→ **EXERCISE PROMPT**: Print the records again, character for character.

──────────────────────────────

(* Let $K=2$ and suppose that for every horizon $T$ (a multiple of $100$) a valid pair $(\eta,\gamma)=(\eta_T,\gamma_T)$ in the non-trivial regime is chosen. Then there exist constants $c_1,c_2,c_3>0$ and $T_0$ such that for all $T\ge T_0$, WSU-UX run on the two-phase loss sequence satisfies $$\mathbb{E}[\mathcal R_T]\ge c_1\frac1\eta+c_2\frac{\eta TK}{\gamma}+c_3\gamma T.$$
   Context: WSU-UX. Fix integers $K\ge 2$ and $T\ge 1$ and hyperparameters $\eta,\gamma$. The pair $(\eta,\gamma)$ is called valid if $\eta,\gamma\in(0,1/2)$ and $\eta K/\gamma\le 1/2$. Given a fixed loss sequence $\ell_t\in[0,1]^K$, WSU-UX sets $\pi_{1,i}=1/K$ and in each round $t$: forms $\tilde\pi_{t,i}=(1-\gamma)\pi_{t,i}+\gamma/K$; draws $I_t$ with $\Pr(I_t=i\mid\mathcal F_{t-1})=\tilde\pi_{t,i}$; sets $\hat\ell_{t,i}=\ell_{t,i}\mathbf 1[I_t=i]/\tilde\pi_{t,i}$; and updates $\pi_{t+1,i}=\pi_{t,i}\bigl(1-\eta(\hat\ell_{t,i}-\sum_{j}\pi_{t,j}\hat\ell_{t,j})\bigr)$; $\mathcal F_t$ is the history generated by $I_1,\dots,I_t$. The regret is $\mathbb{E}[\mathcal R_T]=\mathbb{E}[\sum_{t}\sum_{j}\tilde\pi_{t,j}\ell_{t,j}]-\min_i\sum_t\ell_{t,i}$. Non-trivial regime: $\eta\ge T^{-2/3}$ and $\gamma\le T^{-1/3}$. Two-phase loss sequence ($K=2$, $T$ a multiple of $100$, $T_1=T/100$): $\ell_{t,1}=1,\ell_{t,2}=0$ for $1\le t\le T_1$ and $\ell_{t,1}=0,\ell_{t,2}=1$ for $T_1<t\le T$. *)

theory Defs
  imports Complex_Main
begin

text \<open>Arms are indexed by 0,...,K-1 (arm i of the paper is i-1 here).
  A loss sequence is a function l :: nat => nat => real, l t i = loss of arm i at round t
  (rounds t = 1,...,T). A history is the list [I_1,...,I_s] of drawn arms.\<close>

definition mix :: "nat \<Rightarrow> real \<Rightarrow> (nat \<Rightarrow> real) \<Rightarrow> (nat \<Rightarrow> real)" where
  "mix K gamma p = (\<lambda>i. (1 - gamma) * p i + gamma / real K)"

definition loss_est :: "nat \<Rightarrow> real \<Rightarrow> (nat \<Rightarrow> real) \<Rightarrow> (nat \<Rightarrow> real) \<Rightarrow> nat \<Rightarrow> (nat \<Rightarrow> real)" where
  "loss_est K gamma p lt I = (\<lambda>i. (if i = I then lt i / mix K gamma p i else 0))"

definition wsu_update :: "nat \<Rightarrow> real \<Rightarrow> real \<Rightarrow> (nat \<Rightarrow> real) \<Rightarrow> (nat \<Rightarrow> real) \<Rightarrow> nat \<Rightarrow> (nat \<Rightarrow> real)" where
  "wsu_update K eta gamma p lt I =
     (let lh = loss_est K gamma p lt I in
      (\<lambda>i. p i * (1 - eta * (lh i - (\<Sum>j<K. p j * lh j)))))"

──────────────────────────────

→ **REPLY TO THE EXERCISE**:
(* Let $K=2$ and suppose that for every horizon $T$ (a multiple of $100$) a valid pair $(\eta,\gamma)=(\eta_T,\gamma_T)$ in the non-trivial regime is chosen. Then there exist constants $c_1,c_2,c_3>0$ and $T_0$ such that for all $T\ge T_0$, WSU-UX run on the two-phase loss sequence satisfies $$\mathbb{E}[\mathcal R_T]\ge c_1\frac1\eta+c_2\frac{\eta TK}{\gamma}+c_3\gamma T.$$
   Context: WSU-UX. Fix integers $K\ge 2$ and $T\ge 1$ and hyperparameters $\eta,\gamma$. The pair $(\eta,\gamma)$ is called valid if $\eta,\gamma\in(0,1/2)$ and $\eta K/\gamma\le 1/2$. Given a fixed loss sequence $\ell_t\in[0,1]^K$, WSU-UX sets $\pi_{1,i}=1/K$ and in each round $t$: forms $\tilde\pi_{t,i}=(1-\gamma)\pi_{t,i}+\gamma/K$; draws $I_t$ with $\Pr(I_t=i\mid\mathcal F_{t-1})=\tilde\pi_{t,i}$; sets $\hat\ell_{t,i}=\ell_{t,i}\mathbf 1[I_t=i]/\tilde\pi_{t,i}$; and updates $\pi_{t+1,i}=\pi_{t,i}\bigl(1-\eta(\hat\ell_{t,i}-\sum_{j}\pi_{t,j}\hat\ell_{t,j})\bigr)$; $\mathcal F_t$ is the history generated by $I_1,\dots,I_t$. The regret is $\mathbb{E}[\mathcal R_T]=\mathbb{E}[\sum_{t}\sum_{j}\tilde\pi_{t,j}\ell_{t,j}]-\min_i\sum_t\ell_{t,i}$. Non-trivial regime: $\eta\ge T^{-2/3}$ and $\gamma\le T^{-1/3}$. Two-phase loss sequence ($K=2$, $T$ a multiple of $100$, $T_1=T/100$): $\ell_{t,1}=1,\ell_{t,2}=0$ for $1\le t\le T_1$ and $\ell_{t,1}=0,\ell_{t,2}=1$ for $T_1<t\le T$. *)

theory Defs
  imports Complex_Main
begin

text \<open>Arms are indexed by 0,...,K-1 (arm i of the paper is i-1 here).
  A loss sequence is a function l :: nat => nat => real, l t i = loss of arm i at round t
  (rounds t = 1,...,T). A history is the list [I_1,...,I_s] of drawn arms.\<close>

definition mix :: "nat \<Rightarrow> real \<Rightarrow> (nat \<Rightarrow> real) \<Rightarrow> (nat \<Rightarrow> real)" where
  "mix K gamma p = (\<lambda>i. (1 - gamma) * p i + gamma / real K)"

definition loss_est :: "nat \<Rightarrow> real \<Rightarrow> (nat \<Rightarrow> real) \<Rightarrow> (nat \<Rightarrow> real) \<Rightarrow> nat \<Rightarrow> (nat \<Rightarrow> real)" where
  "loss_est K gamma p lt I = (\<lambda>i. (if i = I then lt i / mix K gamma p i else 0))"

definition wsu_update :: "nat \<Rightarrow> real \<Rightarrow> real \<Rightarrow> (nat \<Rightarrow> real) \<Rightarrow> (nat \<Rightarrow> real) \<Rightarrow> nat \<Rightarrow> (nat \<Rightarrow> real)" where
  "wsu_update K eta gamma p lt I =
     (let lh = loss_est K gamma p lt I in
      (\<lambda>i. p i * (1 - eta * (lh i - (\<Sum>j<K. p j * lh j)))))"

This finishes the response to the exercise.